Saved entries
# # # # # # #

lemma pdiff_hsym:
  assumes "0 < d"
  shows "pdiff d (hsym n) = hsym (n - int d)"
proof (rule poly_mapping_eqI)
  fix \<sigma>
  have cond: "(0 \<le> n \<and> is_partition (add_mset d \<sigma>) \<and> sum_mset (add_mset d \<sigma>) = nat n)
      \<longleftrightarrow> (0 \<le> n - int d \<and> is_partition \<sigma> \<and> sum_mset \<sigma> = nat (n - int d))"
    using assms by (auto simp: is_partition_def)
  show "lookup (pdiff d (hsym n)) \<sigma> = lookup (hsym (n - int d)) \<sigma>"
  proof (cases "0 \<le> n - int d \<and> is_partition \<sigma> \<and> sum_mset \<sigma> = nat (n - int d)")
    case True
    define c where "c = d * (count \<sigma> d + 1)"
    have "zee (add_mset d \<sigma>) = c * zee \<sigma>"
      by (simp add: c_def zee_add_mset algebra_simps)
    moreover have "0 < c" using assms by (simp add: c_def)
    ultimately show ?thesis using True unfolding lookup_pdiff lookup_hsym cond c_def[symmetric]
      by simp
  qed (simp only: lookup_pdiff lookup_hsym cond if_False mult_zero_right)
qed

lemma hall_psym_add_mset: "hall f (psym (add_mset d \<mu>)) = hall (pdiff d f) (psym \<mu>)"
  by (simp add: hall_psym lookup_pdiff zee_add_mset algebra_simps)

section \<open>The recursion for the sum of \<open>H\<close>-coefficients\<close>

definition Hcoef_mpart :: "nat multiset multiset \<Rightarrow> nat multiset \<Rightarrow> rat" where
  "Hcoef_mpart \<pi> \<mu> = hall (hsym (int (sum_mset \<mu>) - int (size \<pi>)) *
                          (\<Prod>B\<in>set_mset \<pi>. hsym (int (count \<pi> B)))) (psym \<mu>)"

definition Hcoef_mpart_sum :: "nat multiset \<Rightarrow> nat multiset \<Rightarrow> rat" where
  "Hcoef_mpart_sum S \<mu> = (\<Sum>\<pi>\<in>multiset_partitions S. Hcoef_mpart \<pi> \<mu>)"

# # # # # # #

_Exercise directions:_
Reproduce all the records shown above, unchanged.

_Response:_
lemma pdiff_hsym:
  assumes "0 < d"
  shows "pdiff d (hsym n) = hsym (n - int d)"
proof (rule poly_mapping_eqI)
  fix \<sigma>
  have cond: "(0 \<le> n \<and> is_partition (add_mset d \<sigma>) \<and> sum_mset (add_mset d \<sigma>) = nat n)
      \<longleftrightarrow> (0 \<le> n - int d \<and> is_partition \<sigma> \<and> sum_mset \<sigma> = nat (n - int d))"
    using assms by (auto simp: is_partition_def)
  show "lookup (pdiff d (hsym n)) \<sigma> = lookup (hsym (n - int d)) \<sigma>"
  proof (cases "0 \<le> n - int d \<and> is_partition \<sigma> \<and> sum_mset \<sigma> = nat (n - int d)")
    case True
    define c where "c = d * (count \<sigma> d + 1)"
    have "zee (add_mset d \<sigma>) = c * zee \<sigma>"
      by (simp add: c_def zee_add_mset algebra_simps)
    moreover have "0 < c" using assms by (simp add: c_def)
    ultimately show ?thesis using True unfolding lookup_pdiff lookup_hsym cond c_def[symmetric]
      by simp
  qed (simp only: lookup_pdiff lookup_hsym cond if_False mult_zero_right)
qed

lemma hall_psym_add_mset: "hall f (psym (add_mset d \<mu>)) = hall (pdiff d f) (psym \<mu>)"
  by (simp add: hall_psym lookup_pdiff zee_add_mset algebra_simps)

section \<open>The recursion for the sum of \<open>H\<close>-coefficients\<close>

definition Hcoef_mpart :: "nat multiset multiset \<Rightarrow> nat multiset \<Rightarrow> rat" where
  "Hcoef_mpart \<pi> \<mu> = hall (hsym (int (sum_mset \<mu>) - int (size \<pi>)) *
                          (\<Prod>B\<in>set_mset \<pi>. hsym (int (count \<pi> B)))) (psym \<mu>)"

definition Hcoef_mpart_sum :: "nat multiset \<Rightarrow> nat multiset \<Rightarrow> rat" where
  "Hcoef_mpart_sum S \<mu> = (\<Sum>\<pi>\<in>multiset_partitions S. Hcoef_mpart \<pi> \<mu>)"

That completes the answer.